The correct answer for PostgreSQL appears to be 34464, when talking about bound parameters to a query. The response 100 is still correct for number of parameters to a function.
The PostgreSQL wire protocol uses 16-bit integers for count of parameters in the bind message (https://www.postgresql.org/docs/current/protocol-message-formats.html).
Thus the PostgreSQL protocol doesn't allow over 65535 parameters for a single statement. This is, OK to send a single ado.net command with two statements, each of which has 65535 parameters.
In my view, the MySQL question actually has two answers. The prepared statement protocol defines a signed 2 byte short to describe the number of parameters that will be retrieved from the server. The client firstly calls COM_STMT_PREPARE, for which it receives a COM_STMT_PREPARE response if successful.

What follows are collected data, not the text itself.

(* Given the length L and the matrix X, the index e of the relevant row has posterior weight
   proportional to g L e chi, hence, by the ratio hypothesis, to exp (c chi_e) with
   chi = X kstar / sqrt D.  The posterior mean of the target is therefore the softmax attention
   predictor with key c kstar and value vstar, and the residual of the target against this
   predictor vanishes after weighting with the densities and summing over e, pointwise in X.
   So the residual is orthogonal to every square-integrable function of (L, X): this identifies
   the conditional expectation and gives the Pythagorean decomposition
   risk (k, v) = risk (c kstar, vstar) + E (f_(c kstar, vstar) - f_(k, v))^2.
   The second moments are finite because the density hypothesis holds for every key: after the
   substitution X = Y / 2 the Gaussian second moment is bounded by the density integral for
   the key 2 kstar. *)

lemma bind_measure_pmf_cong:
  assumes sets_eq: "\<And>x. sets (N x) = sets (N' x)"
    and eq: "\<And>x. x \<in> set_pmf p \<Longrightarrow> N x = N' x"
  shows "bind (measure_pmf p) N = bind (measure_pmf p) N'"
proof -
  let ?x = "SOME x. x \<in> space (measure_pmf p)"
  have "subprob_algebra (N ?x) = subprob_algebra (N' ?x)"
    by (rule subprob_algebra_cong) (rule sets_eq)
  moreover have "emeasure (measure_pmf p) (N -` A \<inter> space (measure_pmf p)) =
      emeasure (measure_pmf p) (N' -` A \<inter> space (measure_pmf p))" for A
  proof -
    have "N -` A \<inter> space (measure_pmf p) \<inter> set_pmf p = N' -` A \<inter> space (measure_pmf p) \<inter> set_pmf p"
      using eq by auto
    then show ?thesis
      by (metis emeasure_Int_set_pmf)
  qed
  ultimately have "distr (measure_pmf p) (subprob_algebra (N ?x)) N =
      distr (measure_pmf p) (subprob_algebra (N' ?x)) N'"
    unfolding distr_def by simp
  then show ?thesis
    by (simp add: bind_def)
qed

text \<open>Unlike \<open>nn_integral_bind\<close>, the kernel only has to be a sub-probability measure on the support.\<close>

lemma nn_integral_bind_measure_pmf:
  assumes fin: "finite (set_pmf p)"
    and sets_N: "\<And>x. sets (N x) = sets B"
    and subprob: "\<And>x. x \<in> set_pmf p \<Longrightarrow> subprob_space (N x)"
    and f: "f \<in> borel_measurable B"
  shows "(\<integral>\<^sup>+y. f y \<partial>bind (measure_pmf p) N) = (\<Sum>x\<in>set_pmf p. pmf p x * (\<integral>\<^sup>+y. f y \<partial>N x))"
proof -
  obtain x0 where x0: "x0 \<in> set_pmf p"
    using set_pmf_not_empty[of p] by blast
  define N' where "N' x = (if x \<in> set_pmf p then N x else N x0)" for x
  have "bind (measure_pmf p) N = bind (measure_pmf p) N'"
    by (rule bind_measure_pmf_cong) (simp_all add: N'_def sets_N)
  moreover have "N' \<in> measurable (measure_pmf p) (subprob_algebra B)"
    using subprob x0 by (auto simp: N'_def space_subprob_algebra sets_N)
  ultimately have "(\<integral>\<^sup>+y. f y \<partial>bind (measure_pmf p) N) = (\<integral>\<^sup>+x. (\<integral>\<^sup>+y. f y \<partial>N' x) \<partial>measure_pmf p)"
    by (simp add: nn_integral_bind[OF f])
  also have "\<dots> = (\<Sum>x\<in>set_pmf p. pmf p x * (\<integral>\<^sup>+y. f y \<partial>N x))"
    by (simp add: nn_integral_measure_pmf_finite[OF fin] N'_def mult.commute)
  finally show ?thesis .
qed

lemma nn_integral_lborel_scale:
  fixes c :: real
  assumes "0 < c" and "F \<in> borel_measurable borel"
  shows "(\<integral>\<^sup>+y. F (c * y) \<partial>lborel) = ennreal (1 / c) * (\<integral>\<^sup>+y. F y \<partial>lborel)"
  using nn_integral_real_affine[OF assms(2), of c 0] assms(1)
  by (simp add: mult.assoc[symmetric] flip: ennreal_mult)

The documentation for the response states:
If num_params > 0 more packets will follow:
Parameter Definition Block
num_params * Protocol::ColumnDefinition
EOF_Packet
Given that num_params can only be a maximum of 2^16 (signed short), it would follow that this is the limit of parameters and as my company has a custom MySQL driver we chose to follow this rule when implementing it and an exception is thrown if the limit is exceeded.

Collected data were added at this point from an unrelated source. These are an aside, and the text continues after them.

text \<open>
  Test the hypothesis on \<open>z ^ n * f z\<close>. On the measure side, \<open>norm (z ^ n * f z) \<le> norm (f z)\<close>
  on the closed disc, and \<open>z ^ n * f z\<close> tends in modulus to \<open>f z\<close> on the circle and to \<open>0\<close>
  inside, so by dominated convergence the \<open>L^q(\<mu>)\<close> norms of \<open>z ^ n * f\<close> tend to the
  \<open>L^q(\<nu>)\<close> norm of \<open>f\<close>. On the Hardy side, the \<open>p\<close>-th power of the \<open>H^p\<close> norm of
  \<open>z ^ n * f\<close> is the supremum over \<open>s < 1\<close> of \<open>s ^ (n * p)\<close> times the integral mean of
  \<open>f\<close> on the circle of radius \<open>s\<close>; it still dominates every single integral mean of \<open>f\<close>,
  because these means are nondecreasing in the radius. That monotonicity is proved by dividing
  out the zeros inside the circle with Blaschke factors, which can only increase \<open>norm f\<close>
  inside and keep it on the circle, and then applying the Poisson integral formula to a
  holomorphic branch of the \<open>p\<close>-th power of the zero-free quotient.
\<close>

section \<open>The Poisson integral\<close>

definition Poisson_kernel :: "complex \<Rightarrow> complex \<Rightarrow> real" where
  "Poisson_kernel z e = (1 - norm z ^ 2) / norm (e - z) ^ 2"

lemma Poisson_kernel_nonneg: "norm z \<le> 1 \<Longrightarrow> 0 \<le> Poisson_kernel z e"
  by (simp add: Poisson_kernel_def power_le_one)

lemma Poisson_kernel_radial_swap:
  fixes a b :: complex
  assumes a: "norm a = 1" and b: "norm b = 1"
  shows "Poisson_kernel (of_real r * a) b = Poisson_kernel (of_real r * b) a"
proof -
  have aa: "a * cnj a = 1" and bb: "b * cnj b = 1"
    using a b by (metis complex_norm_square of_real_1 power_one)+
  have "a * b * cnj (b - of_real r * a) = a * (b * cnj b) - of_real r * b * (a * cnj a)"
    by (simp add: algebra_simps)
  then have "a - of_real r * b = a * b * cnj (b - of_real r * a)"
    using aa bb by simp
  then have "norm (a - of_real r * b) = norm a * norm b * norm (cnj (b - of_real r * a))"
    by (simp only: norm_mult)
  then have "norm (a - of_real r * b) = norm (b - of_real r * a)"
    using a b by (simp only: complex_mod_cnj)
  then show ?thesis
    using a b by (simp add: Poisson_kernel_def norm_mult)
qed

lemma one_minus_mult_nonzero:
  fixes a u :: "'a :: real_normed_div_algebra"
  assumes "norm a * norm u < 1"
  shows "1 - a * u \<noteq> 0"
  using assms by (metis norm_mult norm_one order.irrefl right_minus_eq)

lemma Cauchy_kernel_add_reflection:
  fixes e z :: complex
  assumes e: "norm e = 1" and z: "norm z < 1"
  shows "e / (e - z) + cnj z * e / (1 - cnj z * e) = of_real (Poisson_kernel z e)"
proof -
  have ee: "cnj e * e = 1"
    using e by (metis complex_norm_square mult.commute of_real_1 power_one)
  have ez: "e - z \<noteq> 0" and cez: "cnj (e - z) \<noteq> 0"
    using e z by auto
  have "1 - cnj z * e = e * cnj (e - z)"
    using ee by (simp add: algebra_simps)
  moreover have "e \<noteq> 0"
    using e by auto
  ultimately have "cnj z * e / (1 - cnj z * e) = cnj z / cnj (e - z)"
    by simp
  then have "e / (e - z) + cnj z * e / (1 - cnj z * e) = e / (e - z) + cnj z / cnj (e - z)"
    by simp
  also have "\<dots> = (e * cnj (e - z) + cnj z * (e - z)) / ((e - z) * cnj (e - z))"
    using ez cez by (simp add: field_simps)
  also have "e * cnj (e - z) + cnj z * (e - z) = 1 - z * cnj z"
    using ee by (simp add: algebra_simps)
  moreover have "of_real (norm (e - z) ^ 2) = (e - z) * cnj (e - z)"
    and "of_real (norm z ^ 2) = z * cnj z"
    by (rule complex_norm_square)+
  ultimately show ?thesis
    by (simp add: Poisson_kernel_def)
qed

lemma has_integral_cis_of_has_contour_integral:
  assumes "(f has_contour_integral I) (circlepath 0 1)"
  shows "((\<lambda>t. f (cis (2 * pi * t)) * (2 * pi * \<i> * cis (2 * pi * t))) has_integral I) {0..1}"
  using assms unfolding has_contour_integral_def
proof (rule has_integral_eq[rotated])
  fix t :: real
  assume "t \<in> {0..1}"
  moreover have "circlepath 0 1 t = cis (2 * pi * t)"
    by (simp add: circlepath cis_conv_exp mult_ac)
  ultimately show "f (circlepath 0 1 t) * vector_derivative (circlepath 0 1) (at t within {0..1}) =
      f (cis (2 * pi * t)) * (2 * pi * \<i> * cis (2 * pi * t))"
    by (simp add: vector_derivative_circlepath01 cis_conv_exp mult_ac)
qed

However, COM_STMT_PREPARE does not actually return an error if you send more than this number of parameters. The value of num_params is actually just 2^16 and more parameters will follow afterwards. I'm not sure if this is a bug but the protocol documentation does not describe this behaviour.
So long as you have a way on your client-side to know the number of parameters (client_num_params if you will), you could implement your MySQL client in such a way that it expects to see client_num_params x Protocol::ColumnDefinition. You could also watch for EOF_Packet but that's only actually sent if CLIENT_DEPRECATE_EOF is not enabled.
It's also interesting to note that there's a reserved byte after num_params, indicating that the protocol designers probably wanted the option to make this a 24-bit number, allowing about 8.3 million parameters. This would also require an extra client capability flag.
To summarise:
The client/server protocol documentation seems to indicate that the maximum number of parameters could be 32768
The server doesn't seem to care if you send more but this doesn't appear to be documented and it might not be supported in future releases. I very much doubt this would happen though as this would break multiple drivers including Oracle's own ADO.NET Connector.